Top of Data
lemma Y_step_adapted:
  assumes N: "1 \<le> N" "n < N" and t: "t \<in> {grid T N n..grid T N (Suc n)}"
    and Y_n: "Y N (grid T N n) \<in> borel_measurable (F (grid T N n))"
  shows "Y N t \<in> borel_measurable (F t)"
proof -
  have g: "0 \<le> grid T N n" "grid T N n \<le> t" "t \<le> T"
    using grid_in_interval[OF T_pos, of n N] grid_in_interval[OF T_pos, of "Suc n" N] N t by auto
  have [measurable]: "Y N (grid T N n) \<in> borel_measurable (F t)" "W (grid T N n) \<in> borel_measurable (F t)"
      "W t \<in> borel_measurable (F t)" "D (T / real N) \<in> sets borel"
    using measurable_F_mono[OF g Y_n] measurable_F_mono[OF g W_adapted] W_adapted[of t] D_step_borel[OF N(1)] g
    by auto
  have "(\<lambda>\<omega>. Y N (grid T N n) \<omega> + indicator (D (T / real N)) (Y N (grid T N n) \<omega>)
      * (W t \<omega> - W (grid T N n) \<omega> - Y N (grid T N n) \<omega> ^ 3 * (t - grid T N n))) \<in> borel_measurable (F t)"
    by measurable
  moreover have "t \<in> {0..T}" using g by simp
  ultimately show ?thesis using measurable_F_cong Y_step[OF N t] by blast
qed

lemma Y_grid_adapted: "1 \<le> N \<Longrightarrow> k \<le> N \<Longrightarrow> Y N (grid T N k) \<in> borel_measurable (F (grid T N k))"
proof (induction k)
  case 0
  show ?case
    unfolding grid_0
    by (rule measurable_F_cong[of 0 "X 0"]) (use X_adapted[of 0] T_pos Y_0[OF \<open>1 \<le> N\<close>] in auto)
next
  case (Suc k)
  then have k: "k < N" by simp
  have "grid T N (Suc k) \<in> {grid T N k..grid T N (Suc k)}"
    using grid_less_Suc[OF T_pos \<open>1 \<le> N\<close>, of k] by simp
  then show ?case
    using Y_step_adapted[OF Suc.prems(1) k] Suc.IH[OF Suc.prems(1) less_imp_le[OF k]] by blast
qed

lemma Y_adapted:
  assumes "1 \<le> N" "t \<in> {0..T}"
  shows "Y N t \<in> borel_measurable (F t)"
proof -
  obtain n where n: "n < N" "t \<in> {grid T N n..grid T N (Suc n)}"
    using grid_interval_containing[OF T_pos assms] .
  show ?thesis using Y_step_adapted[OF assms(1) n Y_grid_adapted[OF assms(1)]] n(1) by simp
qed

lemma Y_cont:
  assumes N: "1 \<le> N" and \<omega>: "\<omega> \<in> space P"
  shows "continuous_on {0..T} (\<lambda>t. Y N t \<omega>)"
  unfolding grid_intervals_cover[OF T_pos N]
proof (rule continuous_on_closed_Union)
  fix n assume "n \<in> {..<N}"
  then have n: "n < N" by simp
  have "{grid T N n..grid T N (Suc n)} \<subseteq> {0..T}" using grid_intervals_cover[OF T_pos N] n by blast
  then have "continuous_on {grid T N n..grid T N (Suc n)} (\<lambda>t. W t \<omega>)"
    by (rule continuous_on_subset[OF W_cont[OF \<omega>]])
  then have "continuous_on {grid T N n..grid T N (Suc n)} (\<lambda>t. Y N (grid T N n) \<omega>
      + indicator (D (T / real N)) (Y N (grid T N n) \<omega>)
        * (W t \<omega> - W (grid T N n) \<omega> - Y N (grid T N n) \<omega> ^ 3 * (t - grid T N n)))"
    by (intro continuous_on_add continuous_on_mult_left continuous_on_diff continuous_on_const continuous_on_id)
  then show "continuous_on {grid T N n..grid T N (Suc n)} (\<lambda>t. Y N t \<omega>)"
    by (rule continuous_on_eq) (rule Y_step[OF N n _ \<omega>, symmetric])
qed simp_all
Bottom of Data
Top of Data
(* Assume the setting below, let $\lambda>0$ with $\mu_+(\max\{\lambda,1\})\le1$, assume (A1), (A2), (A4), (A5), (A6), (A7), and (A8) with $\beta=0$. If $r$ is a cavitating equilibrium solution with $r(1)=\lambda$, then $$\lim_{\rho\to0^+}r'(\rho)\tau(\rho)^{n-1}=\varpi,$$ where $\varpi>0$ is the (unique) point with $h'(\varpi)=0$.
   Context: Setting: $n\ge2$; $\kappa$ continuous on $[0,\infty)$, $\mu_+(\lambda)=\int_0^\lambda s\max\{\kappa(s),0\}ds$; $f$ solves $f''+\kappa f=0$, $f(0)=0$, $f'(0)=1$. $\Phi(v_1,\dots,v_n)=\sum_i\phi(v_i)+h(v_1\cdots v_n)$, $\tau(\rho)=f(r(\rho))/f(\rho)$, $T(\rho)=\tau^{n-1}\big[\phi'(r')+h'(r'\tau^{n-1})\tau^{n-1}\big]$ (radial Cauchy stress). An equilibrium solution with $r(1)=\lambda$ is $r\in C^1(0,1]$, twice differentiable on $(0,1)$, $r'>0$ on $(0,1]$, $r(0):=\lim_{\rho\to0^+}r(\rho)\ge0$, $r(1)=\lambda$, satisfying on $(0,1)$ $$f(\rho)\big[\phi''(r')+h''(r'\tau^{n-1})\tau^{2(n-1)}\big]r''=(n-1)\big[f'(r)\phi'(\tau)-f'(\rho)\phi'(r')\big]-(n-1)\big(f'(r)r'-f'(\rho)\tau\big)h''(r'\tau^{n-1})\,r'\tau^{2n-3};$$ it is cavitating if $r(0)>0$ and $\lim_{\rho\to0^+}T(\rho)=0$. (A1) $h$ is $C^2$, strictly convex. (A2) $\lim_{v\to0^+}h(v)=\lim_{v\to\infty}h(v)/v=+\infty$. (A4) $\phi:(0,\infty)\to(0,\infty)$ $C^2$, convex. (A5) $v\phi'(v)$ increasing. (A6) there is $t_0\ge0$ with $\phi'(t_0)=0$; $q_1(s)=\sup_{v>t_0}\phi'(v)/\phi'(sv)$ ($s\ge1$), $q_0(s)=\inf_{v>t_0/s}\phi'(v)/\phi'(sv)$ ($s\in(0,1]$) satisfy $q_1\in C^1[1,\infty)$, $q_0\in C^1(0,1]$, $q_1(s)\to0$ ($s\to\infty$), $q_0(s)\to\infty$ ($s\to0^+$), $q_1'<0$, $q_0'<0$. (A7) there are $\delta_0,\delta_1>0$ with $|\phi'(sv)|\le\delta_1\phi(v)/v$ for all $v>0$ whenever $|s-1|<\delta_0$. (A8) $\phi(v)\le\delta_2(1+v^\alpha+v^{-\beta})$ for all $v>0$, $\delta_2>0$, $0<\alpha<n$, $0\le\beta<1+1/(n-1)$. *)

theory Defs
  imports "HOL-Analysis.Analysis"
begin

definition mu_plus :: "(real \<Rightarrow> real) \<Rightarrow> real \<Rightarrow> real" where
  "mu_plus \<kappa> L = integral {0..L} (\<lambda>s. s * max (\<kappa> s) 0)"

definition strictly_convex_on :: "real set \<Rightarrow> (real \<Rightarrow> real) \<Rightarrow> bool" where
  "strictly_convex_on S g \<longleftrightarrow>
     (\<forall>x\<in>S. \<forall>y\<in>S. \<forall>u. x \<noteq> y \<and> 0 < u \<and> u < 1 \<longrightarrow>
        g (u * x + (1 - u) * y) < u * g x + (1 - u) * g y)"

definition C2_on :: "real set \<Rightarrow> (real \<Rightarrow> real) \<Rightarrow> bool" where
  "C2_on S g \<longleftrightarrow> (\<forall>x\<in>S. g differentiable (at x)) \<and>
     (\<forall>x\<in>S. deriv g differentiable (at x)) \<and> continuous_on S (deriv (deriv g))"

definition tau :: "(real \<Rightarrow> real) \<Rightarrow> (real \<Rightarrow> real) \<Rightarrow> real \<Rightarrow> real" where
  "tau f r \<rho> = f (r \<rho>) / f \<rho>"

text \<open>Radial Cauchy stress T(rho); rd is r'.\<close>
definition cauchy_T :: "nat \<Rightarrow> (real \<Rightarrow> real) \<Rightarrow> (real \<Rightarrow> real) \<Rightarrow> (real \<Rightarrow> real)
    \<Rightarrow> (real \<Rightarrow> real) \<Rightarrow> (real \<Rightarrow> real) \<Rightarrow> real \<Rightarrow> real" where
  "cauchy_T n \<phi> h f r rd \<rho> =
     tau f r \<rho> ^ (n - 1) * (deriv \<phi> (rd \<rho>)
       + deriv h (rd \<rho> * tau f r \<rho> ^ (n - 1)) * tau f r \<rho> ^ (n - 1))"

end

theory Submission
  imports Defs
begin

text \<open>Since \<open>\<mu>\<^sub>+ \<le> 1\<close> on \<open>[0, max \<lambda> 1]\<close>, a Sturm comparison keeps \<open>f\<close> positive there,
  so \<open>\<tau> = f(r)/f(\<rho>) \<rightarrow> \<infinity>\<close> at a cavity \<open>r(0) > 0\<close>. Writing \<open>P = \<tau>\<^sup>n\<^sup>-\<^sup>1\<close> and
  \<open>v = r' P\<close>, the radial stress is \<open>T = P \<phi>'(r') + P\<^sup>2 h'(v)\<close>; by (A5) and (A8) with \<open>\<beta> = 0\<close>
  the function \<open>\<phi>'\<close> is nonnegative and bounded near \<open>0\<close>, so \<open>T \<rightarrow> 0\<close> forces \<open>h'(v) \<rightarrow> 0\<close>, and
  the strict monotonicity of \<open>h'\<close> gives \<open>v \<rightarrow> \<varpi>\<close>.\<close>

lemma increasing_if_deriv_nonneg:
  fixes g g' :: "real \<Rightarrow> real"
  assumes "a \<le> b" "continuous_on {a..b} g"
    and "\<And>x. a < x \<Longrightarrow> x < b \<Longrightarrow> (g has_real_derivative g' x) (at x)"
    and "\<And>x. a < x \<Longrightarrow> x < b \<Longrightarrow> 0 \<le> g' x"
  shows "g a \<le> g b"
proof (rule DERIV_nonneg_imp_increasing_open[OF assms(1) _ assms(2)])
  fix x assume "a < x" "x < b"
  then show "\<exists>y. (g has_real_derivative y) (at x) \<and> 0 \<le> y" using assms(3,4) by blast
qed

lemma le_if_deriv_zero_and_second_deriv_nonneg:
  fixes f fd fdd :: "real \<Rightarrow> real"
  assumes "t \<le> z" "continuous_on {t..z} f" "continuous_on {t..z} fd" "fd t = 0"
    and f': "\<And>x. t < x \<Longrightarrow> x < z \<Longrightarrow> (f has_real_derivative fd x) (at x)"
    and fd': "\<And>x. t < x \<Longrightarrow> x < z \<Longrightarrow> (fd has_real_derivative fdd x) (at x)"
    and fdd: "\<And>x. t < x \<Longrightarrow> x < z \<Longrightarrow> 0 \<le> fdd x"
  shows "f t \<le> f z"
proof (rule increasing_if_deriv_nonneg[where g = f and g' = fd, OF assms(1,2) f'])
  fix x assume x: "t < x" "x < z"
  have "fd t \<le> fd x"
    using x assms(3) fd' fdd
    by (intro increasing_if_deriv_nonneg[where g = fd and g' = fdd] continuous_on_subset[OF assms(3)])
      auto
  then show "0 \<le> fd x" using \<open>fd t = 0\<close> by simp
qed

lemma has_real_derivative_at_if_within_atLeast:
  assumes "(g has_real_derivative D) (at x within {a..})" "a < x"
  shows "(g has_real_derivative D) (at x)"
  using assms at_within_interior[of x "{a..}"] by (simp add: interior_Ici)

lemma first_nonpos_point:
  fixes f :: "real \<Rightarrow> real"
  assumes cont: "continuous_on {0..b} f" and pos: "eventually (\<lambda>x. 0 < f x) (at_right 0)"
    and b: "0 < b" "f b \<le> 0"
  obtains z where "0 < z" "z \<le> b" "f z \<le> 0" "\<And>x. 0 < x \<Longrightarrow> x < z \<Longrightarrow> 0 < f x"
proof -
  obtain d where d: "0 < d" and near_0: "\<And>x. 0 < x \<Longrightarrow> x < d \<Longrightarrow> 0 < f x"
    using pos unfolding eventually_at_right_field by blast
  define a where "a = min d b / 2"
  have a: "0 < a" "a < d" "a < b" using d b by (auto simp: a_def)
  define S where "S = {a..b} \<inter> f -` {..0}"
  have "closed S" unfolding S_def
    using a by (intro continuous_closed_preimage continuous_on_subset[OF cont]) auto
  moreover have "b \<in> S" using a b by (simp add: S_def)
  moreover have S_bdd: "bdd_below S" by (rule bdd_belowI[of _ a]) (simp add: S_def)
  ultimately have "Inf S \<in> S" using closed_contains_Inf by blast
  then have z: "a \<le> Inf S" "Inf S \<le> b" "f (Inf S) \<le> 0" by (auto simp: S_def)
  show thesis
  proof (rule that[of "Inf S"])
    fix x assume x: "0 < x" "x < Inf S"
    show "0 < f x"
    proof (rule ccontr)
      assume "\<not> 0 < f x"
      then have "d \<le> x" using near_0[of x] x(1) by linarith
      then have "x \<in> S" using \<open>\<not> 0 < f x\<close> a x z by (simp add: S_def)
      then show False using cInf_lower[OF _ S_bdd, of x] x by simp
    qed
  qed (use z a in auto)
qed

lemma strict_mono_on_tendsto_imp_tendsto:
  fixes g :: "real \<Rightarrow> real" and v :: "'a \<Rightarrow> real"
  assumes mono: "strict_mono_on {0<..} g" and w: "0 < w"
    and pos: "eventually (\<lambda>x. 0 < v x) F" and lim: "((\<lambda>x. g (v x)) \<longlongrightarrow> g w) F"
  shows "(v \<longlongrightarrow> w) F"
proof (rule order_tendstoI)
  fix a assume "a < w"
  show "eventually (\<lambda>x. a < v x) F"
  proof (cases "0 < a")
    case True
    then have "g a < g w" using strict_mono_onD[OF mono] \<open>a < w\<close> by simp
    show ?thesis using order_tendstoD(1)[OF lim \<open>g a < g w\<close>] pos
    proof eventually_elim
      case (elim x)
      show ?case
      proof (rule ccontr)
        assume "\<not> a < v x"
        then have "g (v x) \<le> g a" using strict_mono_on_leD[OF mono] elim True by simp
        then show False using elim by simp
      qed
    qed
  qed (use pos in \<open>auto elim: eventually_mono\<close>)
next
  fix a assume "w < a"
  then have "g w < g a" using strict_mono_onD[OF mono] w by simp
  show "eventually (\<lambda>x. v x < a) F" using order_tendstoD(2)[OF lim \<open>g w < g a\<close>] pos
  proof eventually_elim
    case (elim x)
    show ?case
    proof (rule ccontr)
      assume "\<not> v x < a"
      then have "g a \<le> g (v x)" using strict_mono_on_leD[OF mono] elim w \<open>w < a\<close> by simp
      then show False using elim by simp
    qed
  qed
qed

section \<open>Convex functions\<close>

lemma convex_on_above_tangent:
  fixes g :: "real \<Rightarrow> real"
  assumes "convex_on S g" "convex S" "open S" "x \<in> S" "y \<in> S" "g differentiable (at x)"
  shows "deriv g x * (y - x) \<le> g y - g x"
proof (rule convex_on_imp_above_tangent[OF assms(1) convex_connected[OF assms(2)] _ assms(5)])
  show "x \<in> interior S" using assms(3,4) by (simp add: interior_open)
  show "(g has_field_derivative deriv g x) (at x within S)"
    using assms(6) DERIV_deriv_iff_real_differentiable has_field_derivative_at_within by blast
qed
Bottom of Data
■ **Instructions for the task**: Using the entries shown above, reproduce verbatim the lines from the line bearing "tau f r \<rho> ^ (n - 1) *" to the line bearing "the function \<open>\<phi>'\<close>", inclusive.

■ **Worked solution**:
     tau f r \<rho> ^ (n - 1) * (deriv \<phi> (rd \<rho>)
       + deriv h (rd \<rho> * tau f r \<rho> ^ (n - 1)) * tau f r \<rho> ^ (n - 1))"

end

theory Submission
  imports Defs
begin

text \<open>Since \<open>\<mu>\<^sub>+ \<le> 1\<close> on \<open>[0, max \<lambda> 1]\<close>, a Sturm comparison keeps \<open>f\<close> positive there,
  so \<open>\<tau> = f(r)/f(\<rho>) \<rightarrow> \<infinity>\<close> at a cavity \<open>r(0) > 0\<close>. Writing \<open>P = \<tau>\<^sup>n\<^sup>-\<^sup>1\<close> and
  \<open>v = r' P\<close>, the radial stress is \<open>T = P \<phi>'(r') + P\<^sup>2 h'(v)\<close>; by (A5) and (A8) with \<open>\<beta> = 0\<close>
  the function \<open>\<phi>'\<close> is nonnegative and bounded near \<open>0\<close>, so \<open>T \<rightarrow> 0\<close> forces \<open>h'(v) \<rightarrow> 0\<close>, and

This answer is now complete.